Imad Mugniyah
Ayatollah Khomeini’s 1979 Revolution creates an Islamic state in Iran. In that year, Imad Mugniyah, a 17 year-old growing up in Beirut was a member of the secular Palestinian Liberation Organization. By 1982, he shifts his affiliation to Hezbollah, the Party of God. Two of the primary goals of Hezbollah are to expel Westerners from Lebanon and and establish an Islamic state. Mugniyah probably helped plan the U.S. Marine barracks bombing in Beirut that killed 307 people including the two bombers on October 23, 1983. The Marines, unaware of having enemies, were not prepared for a suicide bombing. Within four months of the attack, the Marines were pulled out of Beirut. Osama bin Laden is said to admire Mugniyah for getting the United States out of Lebanon. Mugniyah was kliled in a car bomb in Damascus, Syria on February 12th.
In 1979, the Sandinistas in Nicaragua ignited my own youthful dreams of revolution.
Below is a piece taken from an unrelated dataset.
(* Let $G$ be a finite simple graph with a perfect matching $M$, let $\mathcal{C}$ be an optimal edge $2$-colouring of $G$, and let $\mathcal{F}$, $P$ and the sets $P_j$ ($j\in\mathcal{C}_M$) be as in the context. If $(u,v)\in P_i$ and $(z,w)\in P_j$ for some distinct $i,j\in\mathcal{C}_M$, then the paths $u\mathcal{F}v$ and $z\mathcal{F}w$ do not share an internal vertex.
   Context: $G\setminus M$ is the spanning subgraph with edge set $E(G)\setminus M$, with connected components $C_1,\dots,C_h$. An edge $2$-colouring assigns colours to edges (not necessarily properly) so that each vertex sees at most $2$ distinct colours; optimal means maximum number of colours. $\mathrm{mcl}(u)$ is the colour of the $M$-edge at $u$; $\mathcal{C}_M$ is the set of colours used on $M$ and $\mathcal{C}_N$ the other colours. For a colour $i$, $G[i]$ is the subgraph spanned by edges of colour $i$; for $i\in\mathcal{C}_N$ it is a non-matching colour component, and $k_m$ is the number of non-matching colour components contained in $C_m$. Forests: rooted trees, $r(F)$ roots, $l(F)$ leaves (non-root vertices with no children); each tree has a depth-first indexing $\mathrm{dfs}_T$ (descendants get larger indices) and order $u\preceq_T v$ iff $\mathrm{dfs}_T(u)\ge\mathrm{dfs}_T(v)$; vertices of different trees of a forest are incomparable. $(T_1,T_2)$ is a cascading pair if they are vertex-disjoint or $r(T_2)\in l(T_1)$ and $|V(T_1)\cap V(T_2)|=1$; $\mathcal{F}=\{F_1,\dots,F_l\}$ is a cascading sequence of forests if $V(F_i)\cap V(F_j)=\emptyset$ for $|i-j|\ge2$ and every tree of $F_i$ with every tree of $F_{i+1}$ forms a cascading pair. $V(\mathcal{F})=\bigcup_F V(F)$; $\mathrm{Int}(\mathcal{F})$ is the set of vertices that are neither a root nor a leaf of some $F\in\mathcal{F}$ containing them. $\preceq_{\mathcal{F}}$ is the transitive closure of "$x\preceq_F y$ for some $F\in\mathcal{F}$"; $x\mathcal{F}y$ is the path $xFy$ in the forest $F\in\mathcal{F}$ containing an $x$–$y$ path; internal vertices of a path are those other than its endpoints. Standing data: $\mathcal{F}$ is a cascading sequence of forests in $G\setminus M$ with $\sum_F|l(F)|=\sum_{m=1}^h(k_m-1)$, $\mathrm{Int}(\mathcal{F})\cap V(H)=\emptyset$ for every non-matching colour component $H$, and for each $F\in\mathcal{F}$, $u\in r(F)\cup l(F)$, every edge of $F$ at $u$ has colour $\mathrm{mcl}(u)$. $P=\{(u_i,v_i)\}$ is a set of $\sum_m(k_m-1)$ pairs of vertices of $V(\mathcal{F})$ with: (a) the $u_i$ pairwise distinct; (b) $u_i\prec_{\mathcal{F}}v_i$ and $u_i\mathcal{F}v_i$ exists; (c) $\mathrm{mcl}(u_i)=\mathrm{mcl}(v_i)$; (d) $u_i\mathcal{F}v_i$ monochromatic of colour $\mathrm{mcl}(u_i)$; (e) every internal vertex $z$ of $u_i\mathcal{F}v_i$ has $\mathrm{mcl}(z)\ne\mathrm{mcl}(u_i)$; (f) for $i\ne j$ with $u_iv_i,u_jv_j\in M$, the paths $u_i\mathcal{F}v_i$, $u_j\mathcal{F}v_j$ share no internal vertex. For $j\in\mathcal{C}_M$, $P_j=\{(u,v)\in P:\mathrm{mcl}(u)=\mathrm{mcl}(v)=j\}$. *)

theory Defs
  imports Main
begin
The revolution wasn’t televised but it was on the radio. I listened with great interest as I painted in my studio on the Upper West Side. When my friend Sarah suggested visiting Managua as part of an artists’ delegation in 1984, I jumped at the idea. We went as tourists to that war-torn country. I was thrilled by the adrenaline surge of entering a pitch-black bomb shelter or walking up to the edge of a smoking volcano. Upon our return to New York, the Central American Solidarity Movement provided the feeling of belonging, for which I longed. The world was divided between the haves and have-nots. I knew which side was right.